Task data:
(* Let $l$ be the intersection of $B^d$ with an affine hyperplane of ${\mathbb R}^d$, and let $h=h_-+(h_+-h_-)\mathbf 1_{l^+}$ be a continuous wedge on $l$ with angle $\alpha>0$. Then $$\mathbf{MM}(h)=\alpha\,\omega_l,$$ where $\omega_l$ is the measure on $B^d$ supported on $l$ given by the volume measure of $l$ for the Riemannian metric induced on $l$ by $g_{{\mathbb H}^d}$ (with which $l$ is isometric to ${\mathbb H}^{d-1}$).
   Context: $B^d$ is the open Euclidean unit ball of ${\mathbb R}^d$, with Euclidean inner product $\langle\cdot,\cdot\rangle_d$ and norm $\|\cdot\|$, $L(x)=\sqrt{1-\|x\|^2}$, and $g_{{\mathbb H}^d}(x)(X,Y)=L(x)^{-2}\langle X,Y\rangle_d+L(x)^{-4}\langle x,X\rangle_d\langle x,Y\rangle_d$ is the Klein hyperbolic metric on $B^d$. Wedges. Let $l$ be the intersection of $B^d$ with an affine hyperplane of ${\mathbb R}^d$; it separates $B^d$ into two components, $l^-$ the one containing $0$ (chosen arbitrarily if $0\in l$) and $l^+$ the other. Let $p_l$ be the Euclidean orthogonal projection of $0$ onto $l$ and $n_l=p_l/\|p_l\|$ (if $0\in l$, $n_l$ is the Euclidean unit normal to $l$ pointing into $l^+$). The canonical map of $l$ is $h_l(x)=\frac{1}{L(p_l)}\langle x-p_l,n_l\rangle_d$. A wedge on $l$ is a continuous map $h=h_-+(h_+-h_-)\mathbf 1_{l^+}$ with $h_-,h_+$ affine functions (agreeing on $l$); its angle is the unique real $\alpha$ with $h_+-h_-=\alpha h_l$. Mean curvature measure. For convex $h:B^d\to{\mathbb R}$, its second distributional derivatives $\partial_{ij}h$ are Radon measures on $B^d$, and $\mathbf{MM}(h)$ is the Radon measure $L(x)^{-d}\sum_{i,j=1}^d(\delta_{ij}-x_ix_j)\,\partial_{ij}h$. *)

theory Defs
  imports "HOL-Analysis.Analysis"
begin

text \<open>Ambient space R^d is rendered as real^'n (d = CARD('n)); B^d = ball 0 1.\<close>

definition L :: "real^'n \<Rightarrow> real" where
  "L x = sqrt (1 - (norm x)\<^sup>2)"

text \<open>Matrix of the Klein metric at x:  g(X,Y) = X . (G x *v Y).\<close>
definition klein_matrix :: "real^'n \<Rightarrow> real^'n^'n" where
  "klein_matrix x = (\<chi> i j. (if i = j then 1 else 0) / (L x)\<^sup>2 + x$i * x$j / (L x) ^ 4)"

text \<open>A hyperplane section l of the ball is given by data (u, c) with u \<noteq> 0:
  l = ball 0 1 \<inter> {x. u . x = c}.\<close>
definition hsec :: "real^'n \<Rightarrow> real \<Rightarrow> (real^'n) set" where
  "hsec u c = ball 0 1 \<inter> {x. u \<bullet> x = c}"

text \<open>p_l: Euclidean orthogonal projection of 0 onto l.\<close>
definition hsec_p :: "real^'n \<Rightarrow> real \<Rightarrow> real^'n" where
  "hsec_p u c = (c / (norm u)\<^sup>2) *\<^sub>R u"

What you need to do: Repeat the material in full. Nothing may differ.

Solution to this exercise:
(* Let $l$ be the intersection of $B^d$ with an affine hyperplane of ${\mathbb R}^d$, and let $h=h_-+(h_+-h_-)\mathbf 1_{l^+}$ be a continuous wedge on $l$ with angle $\alpha>0$. Then $$\mathbf{MM}(h)=\alpha\,\omega_l,$$ where $\omega_l$ is the measure on $B^d$ supported on $l$ given by the volume measure of $l$ for the Riemannian metric induced on $l$ by $g_{{\mathbb H}^d}$ (with which $l$ is isometric to ${\mathbb H}^{d-1}$).
   Context: $B^d$ is the open Euclidean unit ball of ${\mathbb R}^d$, with Euclidean inner product $\langle\cdot,\cdot\rangle_d$ and norm $\|\cdot\|$, $L(x)=\sqrt{1-\|x\|^2}$, and $g_{{\mathbb H}^d}(x)(X,Y)=L(x)^{-2}\langle X,Y\rangle_d+L(x)^{-4}\langle x,X\rangle_d\langle x,Y\rangle_d$ is the Klein hyperbolic metric on $B^d$. Wedges. Let $l$ be the intersection of $B^d$ with an affine hyperplane of ${\mathbb R}^d$; it separates $B^d$ into two components, $l^-$ the one containing $0$ (chosen arbitrarily if $0\in l$) and $l^+$ the other. Let $p_l$ be the Euclidean orthogonal projection of $0$ onto $l$ and $n_l=p_l/\|p_l\|$ (if $0\in l$, $n_l$ is the Euclidean unit normal to $l$ pointing into $l^+$). The canonical map of $l$ is $h_l(x)=\frac{1}{L(p_l)}\langle x-p_l,n_l\rangle_d$. A wedge on $l$ is a continuous map $h=h_-+(h_+-h_-)\mathbf 1_{l^+}$ with $h_-,h_+$ affine functions (agreeing on $l$); its angle is the unique real $\alpha$ with $h_+-h_-=\alpha h_l$. Mean curvature measure. For convex $h:B^d\to{\mathbb R}$, its second distributional derivatives $\partial_{ij}h$ are Radon measures on $B^d$, and $\mathbf{MM}(h)$ is the Radon measure $L(x)^{-d}\sum_{i,j=1}^d(\delta_{ij}-x_ix_j)\,\partial_{ij}h$. *)

theory Defs
  imports "HOL-Analysis.Analysis"
begin

text \<open>Ambient space R^d is rendered as real^'n (d = CARD('n)); B^d = ball 0 1.\<close>

definition L :: "real^'n \<Rightarrow> real" where
  "L x = sqrt (1 - (norm x)\<^sup>2)"

text \<open>Matrix of the Klein metric at x:  g(X,Y) = X . (G x *v Y).\<close>
definition klein_matrix :: "real^'n \<Rightarrow> real^'n^'n" where
  "klein_matrix x = (\<chi> i j. (if i = j then 1 else 0) / (L x)\<^sup>2 + x$i * x$j / (L x) ^ 4)"

text \<open>A hyperplane section l of the ball is given by data (u, c) with u \<noteq> 0:
  l = ball 0 1 \<inter> {x. u . x = c}.\<close>
definition hsec :: "real^'n \<Rightarrow> real \<Rightarrow> (real^'n) set" where
  "hsec u c = ball 0 1 \<inter> {x. u \<bullet> x = c}"

text \<open>p_l: Euclidean orthogonal projection of 0 onto l.\<close>
definition hsec_p :: "real^'n \<Rightarrow> real \<Rightarrow> real^'n" where
  "hsec_p u c = (c / (norm u)\<^sup>2) *\<^sub>R u"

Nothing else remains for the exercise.